** Materials provided **
--------

(* Let $\eta,\tau>0$ and $\nu\in\mathbb{R}$. For $\mu\in\mathbb{R}$ let $p_\mu(z)=\tau+(2\eta+2\mu-\tau)z+(2\eta-2\mu-\tau)z^2+\tau z^3$. Suppose $p_{\nu}$ has a root $\Omega_+$ in the open upper half-plane $\{\Im z>0\}$. Then $p_{-\nu}$ has exactly one root $\Omega_-$ in the open upper half-plane, and $\overline{\Omega_+}\,\Omega_-=1$.
   Context: $p_\mu$ is the numerator of $\partial_z G(\mu,\eta,\tau,z)=p_\mu(z)/(2z^2(z-1))$ for $G(\mu,\eta,\tau,z)=\tau\frac{z+z^{-1}}{2}+\eta\log\big(\frac{z+z^{-1}}{2}-1\big)-\mu\log z$; in the paper $\Omega(\mu,\eta,\tau)$ denotes the root of $p_\mu$ in the upper half-plane, and $\Omega_\pm=\Omega(\pm\nu,\eta,\tau)$. *)

theory Defs
  imports "HOL-Analysis.Analysis"
begin

definition p_mu :: "real \<Rightarrow> real \<Rightarrow> real \<Rightarrow> complex \<Rightarrow> complex" where
  "p_mu \<mu> \<eta> \<tau> z = complex_of_real \<tau>
     + complex_of_real (2*\<eta> + 2*\<mu> - \<tau>) * z
     + complex_of_real (2*\<eta> - 2*\<mu> - \<tau>) * z^2
     + complex_of_real \<tau> * z^3"

end

theory Submission
  imports Defs
begin

text \<open>The map \<open>z \<mapsto> 1 / cnj z\<close> sends roots of \<open>p_\<nu>\<close> in the upper half-plane to roots of
  \<open>p_{-\<nu>}\<close> in the upper half-plane: conjugation preserves roots because the coefficients are
  real, and inversion exchanges \<open>p_\<nu>\<close> and \<open>p_{-\<nu>}\<close> because \<open>z\<^sup>3 p_{-\<nu>}(1/z) = p_\<nu>(z)\<close>.
  Uniqueness holds for any real cubic: together with a root \<open>w\<close> in the upper half-plane,
  \<open>cnj w\<close> is a root, so by Vieta's formula the third root is real, the sum of all
  three roots being real.\<close>

lemma cubic_factor_two_roots:
  fixes k l m n w y x :: "'a::field"
  assumes "k + l*w + m*w^2 + n*w^3 = 0" "k + l*y + m*y^2 + n*y^3 = 0" "y \<noteq> w"
  shows "k + l*x + m*x^2 + n*x^3 = (x - w) * (x - y) * (m + n*(x + w + y))"
proof -
  have "(y - w) * (l + m*(y + w) + n*(y^2 + y*w + w^2)) =
        (k + l*y + m*y^2 + n*y^3) - (k + l*w + m*w^2 + n*w^3)"
    by (simp add: algebra_simps power2_eq_square power3_eq_cube)
  then have quotient_root: "l + m*(y + w) + n*(y^2 + y*w + w^2) = 0"
    using assms by simp
  have "k + l*x + m*x^2 + n*x^3 = (k + l*x + m*x^2 + n*x^3) - (k + l*w + m*w^2 + n*w^3)"
    using assms(1) by simp
  also have "\<dots> = (x - w) * (l + m*(x + w) + n*(x^2 + x*w + w^2))"
    by (simp add: algebra_simps power2_eq_square power3_eq_cube)
  also have "\<dots> = (x - w) * ((l + m*(x + w) + n*(x^2 + x*w + w^2))
                             - (l + m*(y + w) + n*(y^2 + y*w + w^2)))"
    using quotient_root by simp
  also have "\<dots> = (x - w) * (x - y) * (m + n*(x + w + y))"
    by (simp add: algebra_simps power2_eq_square)
  finally show ?thesis .
qed

lemma real_cubic_root_upper_half_plane_unique:
  fixes a b c d :: real and u w :: complex
  defines "q \<equiv> \<lambda>z. of_real a + of_real b * z + of_real c * z^2 + of_real d * z^3"
  assumes "d \<noteq> 0"
    and "Im u > 0" "q u = 0"
    and "Im w > 0" "q w = 0"
  shows "u = w"
proof (rule ccontr)
  assume "u \<noteq> w"
  have "q (cnj w) = cnj (q w)"
    unfolding q_def by simp
  then have conj_root: "q (cnj w) = 0"
    using \<open>q w = 0\<close> by simp
  have "cnj w \<noteq> w" "u \<noteq> cnj w"
    using \<open>Im w > 0\<close> \<open>Im u > 0\<close> by (auto simp: complex_eq_iff)
  then have "q u = (u - w) * (u - cnj w) * (of_real c + of_real d * (u + w + cnj w))"
    using cubic_factor_two_roots[where w = w and y = "cnj w" and x = u] \<open>q w = 0\<close> conj_root
    unfolding q_def by simp
  then have "of_real c + of_real d * (u + w + cnj w) = 0"
    using \<open>q u = 0\<close> \<open>u \<noteq> w\<close> \<open>u \<noteq> cnj w\<close> by simp
  then have "Im (of_real c + of_real d * (u + w + cnj w)) = 0"
    by simp
  then have "d * Im u = 0"
    by simp
  then show False
    using \<open>d \<noteq> 0\<close> \<open>Im u > 0\<close> by simp
qed

lemma p_mu_cnj: "p_mu \<mu> \<eta> \<tau> (cnj z) = cnj (p_mu \<mu> \<eta> \<tau> z)"
  unfolding p_mu_def by simp

lemma p_mu_inverse:
  assumes "z \<noteq> 0"
  shows "z^3 * p_mu (-\<mu>) \<eta> \<tau> (1 / z) = p_mu \<mu> \<eta> \<tau> z"
  unfolding p_mu_def using assms
  by (simp add: field_simps power3_eq_cube power2_eq_square)

lemma Im_inverse_cnj_pos:
  assumes "Im z > 0"
  shows "Im (1 / cnj z) > 0"
proof -
  have "Re z * Re z + Im z * Im z > 0"
    using assms by (simp add: add_nonneg_pos)
  then show ?thesis
    using assms by (simp add: Im_divide power2_eq_square)
qed

theorem lemma3p3:
  fixes \<eta> \<tau> \<nu> :: real and \<Omega>p :: complex
  assumes "\<eta> > 0" and "\<tau> > 0"
    and "Im \<Omega>p > 0" and "p_mu \<nu> \<eta> \<tau> \<Omega>p = 0"
  shows "(\<exists>!\<Omega>m. Im \<Omega>m > 0 \<and> p_mu (-\<nu>) \<eta> \<tau> \<Omega>m = 0) \<and>
    (\<forall>\<Omega>m. Im \<Omega>m > 0 \<and> p_mu (-\<nu>) \<eta> \<tau> \<Omega>m = 0 \<longrightarrow> cnj \<Omega>p * \<Omega>m = 1)"
proof -
  define w where "w = 1 / cnj \<Omega>p"
  have "cnj \<Omega>p \<noteq> 0"
    using assms(3) by (auto simp: complex_eq_iff)
  then have root: "p_mu (-\<nu>) \<eta> \<tau> w = 0"
    using p_mu_inverse[of "cnj \<Omega>p" \<nu> \<eta> \<tau>] p_mu_cnj[of \<nu> \<eta> \<tau> \<Omega>p] assms(4)
    unfolding w_def by simp
  have upper: "Im w > 0"
    using Im_inverse_cnj_pos[OF assms(3)] unfolding w_def .
  have unique: "u = w" if "Im u > 0" "p_mu (-\<nu>) \<eta> \<tau> u = 0" for u
    using real_cubic_root_upper_half_plane_unique[where a = \<tau> and b = "2*\<eta> - 2*\<nu> - \<tau>"
        and c = "2*\<eta> + 2*\<nu> - \<tau>" and d = \<tau> and u = u and w = w] that root upper assms(2)
    unfolding p_mu_def by simp
  have "cnj \<Omega>p * w = 1"
    using \<open>cnj \<Omega>p \<noteq> 0\<close> unfolding w_def by simp
  then show ?thesis
    using unique upper root by blast
qed

end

--------

Every line of the listing should be repeated exactly.

(* Let $\eta,\tau>0$ and $\nu\in\mathbb{R}$. For $\mu\in\mathbb{R}$ let $p_\mu(z)=\tau+(2\eta+2\mu-\tau)z+(2\eta-2\mu-\tau)z^2+\tau z^3$. Suppose $p_{\nu}$ has a root $\Omega_+$ in the open upper half-plane $\{\Im z>0\}$. Then $p_{-\nu}$ has exactly one root $\Omega_-$ in the open upper half-plane, and $\overline{\Omega_+}\,\Omega_-=1$.
   Context: $p_\mu$ is the numerator of $\partial_z G(\mu,\eta,\tau,z)=p_\mu(z)/(2z^2(z-1))$ for $G(\mu,\eta,\tau,z)=\tau\frac{z+z^{-1}}{2}+\eta\log\big(\frac{z+z^{-1}}{2}-1\big)-\mu\log z$; in the paper $\Omega(\mu,\eta,\tau)$ denotes the root of $p_\mu$ in the upper half-plane, and $\Omega_\pm=\Omega(\pm\nu,\eta,\tau)$. *)

theory Defs
  imports "HOL-Analysis.Analysis"
begin

definition p_mu :: "real \<Rightarrow> real \<Rightarrow> real \<Rightarrow> complex \<Rightarrow> complex" where
  "p_mu \<mu> \<eta> \<tau> z = complex_of_real \<tau>
     + complex_of_real (2*\<eta> + 2*\<mu> - \<tau>) * z
     + complex_of_real (2*\<eta> - 2*\<mu> - \<tau>) * z^2
     + complex_of_real \<tau> * z^3"

end

theory Submission
  imports Defs
begin

text \<open>The map \<open>z \<mapsto> 1 / cnj z\<close> sends roots of \<open>p_\<nu>\<close> in the upper half-plane to roots of
  \<open>p_{-\<nu>}\<close> in the upper half-plane: conjugation preserves roots because the coefficients are
  real, and inversion exchanges \<open>p_\<nu>\<close> and \<open>p_{-\<nu>}\<close> because \<open>z\<^sup>3 p_{-\<nu>}(1/z) = p_\<nu>(z)\<close>.
  Uniqueness holds for any real cubic: together with a root \<open>w\<close> in the upper half-plane,
  \<open>cnj w\<close> is a root, so by Vieta's formula the third root is real, the sum of all
  three roots being real.\<close>

lemma cubic_factor_two_roots:
  fixes k l m n w y x :: "'a::field"
  assumes "k + l*w + m*w^2 + n*w^3 = 0" "k + l*y + m*y^2 + n*y^3 = 0" "y \<noteq> w"
  shows "k + l*x + m*x^2 + n*x^3 = (x - w) * (x - y) * (m + n*(x + w + y))"
proof -
  have "(y - w) * (l + m*(y + w) + n*(y^2 + y*w + w^2)) =
        (k + l*y + m*y^2 + n*y^3) - (k + l*w + m*w^2 + n*w^3)"
    by (simp add: algebra_simps power2_eq_square power3_eq_cube)
  then have quotient_root: "l + m*(y + w) + n*(y^2 + y*w + w^2) = 0"
    using assms by simp
  have "k + l*x + m*x^2 + n*x^3 = (k + l*x + m*x^2 + n*x^3) - (k + l*w + m*w^2 + n*w^3)"
    using assms(1) by simp
  also have "\<dots> = (x - w) * (l + m*(x + w) + n*(x^2 + x*w + w^2))"
    by (simp add: algebra_simps power2_eq_square power3_eq_cube)
  also have "\<dots> = (x - w) * ((l + m*(x + w) + n*(x^2 + x*w + w^2))
                             - (l + m*(y + w) + n*(y^2 + y*w + w^2)))"
    using quotient_root by simp
  also have "\<dots> = (x - w) * (x - y) * (m + n*(x + w + y))"
    by (simp add: algebra_simps power2_eq_square)
  finally show ?thesis .
qed

lemma real_cubic_root_upper_half_plane_unique:
  fixes a b c d :: real and u w :: complex
  defines "q \<equiv> \<lambda>z. of_real a + of_real b * z + of_real c * z^2 + of_real d * z^3"
  assumes "d \<noteq> 0"
    and "Im u > 0" "q u = 0"
    and "Im w > 0" "q w = 0"
  shows "u = w"
proof (rule ccontr)
  assume "u \<noteq> w"
  have "q (cnj w) = cnj (q w)"
    unfolding q_def by simp
  then have conj_root: "q (cnj w) = 0"
    using \<open>q w = 0\<close> by simp
  have "cnj w \<noteq> w" "u \<noteq> cnj w"
    using \<open>Im w > 0\<close> \<open>Im u > 0\<close> by (auto simp: complex_eq_iff)
  then have "q u = (u - w) * (u - cnj w) * (of_real c + of_real d * (u + w + cnj w))"
    using cubic_factor_two_roots[where w = w and y = "cnj w" and x = u] \<open>q w = 0\<close> conj_root
    unfolding q_def by simp
  then have "of_real c + of_real d * (u + w + cnj w) = 0"
    using \<open>q u = 0\<close> \<open>u \<noteq> w\<close> \<open>u \<noteq> cnj w\<close> by simp
  then have "Im (of_real c + of_real d * (u + w + cnj w)) = 0"
    by simp
  then have "d * Im u = 0"
    by simp
  then show False
    using \<open>d \<noteq> 0\<close> \<open>Im u > 0\<close> by simp
qed

lemma p_mu_cnj: "p_mu \<mu> \<eta> \<tau> (cnj z) = cnj (p_mu \<mu> \<eta> \<tau> z)"
  unfolding p_mu_def by simp

lemma p_mu_inverse:
  assumes "z \<noteq> 0"
  shows "z^3 * p_mu (-\<mu>) \<eta> \<tau> (1 / z) = p_mu \<mu> \<eta> \<tau> z"
  unfolding p_mu_def using assms
  by (simp add: field_simps power3_eq_cube power2_eq_square)

lemma Im_inverse_cnj_pos:
  assumes "Im z > 0"
  shows "Im (1 / cnj z) > 0"
proof -
  have "Re z * Re z + Im z * Im z > 0"
    using assms by (simp add: add_nonneg_pos)
  then show ?thesis
    using assms by (simp add: Im_divide power2_eq_square)
qed

theorem lemma3p3:
  fixes \<eta> \<tau> \<nu> :: real and \<Omega>p :: complex
  assumes "\<eta> > 0" and "\<tau> > 0"
    and "Im \<Omega>p > 0" and "p_mu \<nu> \<eta> \<tau> \<Omega>p = 0"
  shows "(\<exists>!\<Omega>m. Im \<Omega>m > 0 \<and> p_mu (-\<nu>) \<eta> \<tau> \<Omega>m = 0) \<and>
    (\<forall>\<Omega>m. Im \<Omega>m > 0 \<and> p_mu (-\<nu>) \<eta> \<tau> \<Omega>m = 0 \<longrightarrow> cnj \<Omega>p * \<Omega>m = 1)"
proof -
  define w where "w = 1 / cnj \<Omega>p"
  have "cnj \<Omega>p \<noteq> 0"
    using assms(3) by (auto simp: complex_eq_iff)
  then have root: "p_mu (-\<nu>) \<eta> \<tau> w = 0"
    using p_mu_inverse[of "cnj \<Omega>p" \<nu> \<eta> \<tau>] p_mu_cnj[of \<nu> \<eta> \<tau> \<Omega>p] assms(4)
    unfolding w_def by simp
  have upper: "Im w > 0"
    using Im_inverse_cnj_pos[OF assms(3)] unfolding w_def .
  have unique: "u = w" if "Im u > 0" "p_mu (-\<nu>) \<eta> \<tau> u = 0" for u
    using real_cubic_root_upper_half_plane_unique[where a = \<tau> and b = "2*\<eta> - 2*\<nu> - \<tau>"
        and c = "2*\<eta> + 2*\<nu> - \<tau>" and d = \<tau> and u = u and w = w] that root upper assms(2)
    unfolding p_mu_def by simp
  have "cnj \<Omega>p * w = 1"
    using \<open>cnj \<Omega>p \<noteq> 0\<close> unfolding w_def by simp
  then show ?thesis
    using unique upper root by blast
qed

end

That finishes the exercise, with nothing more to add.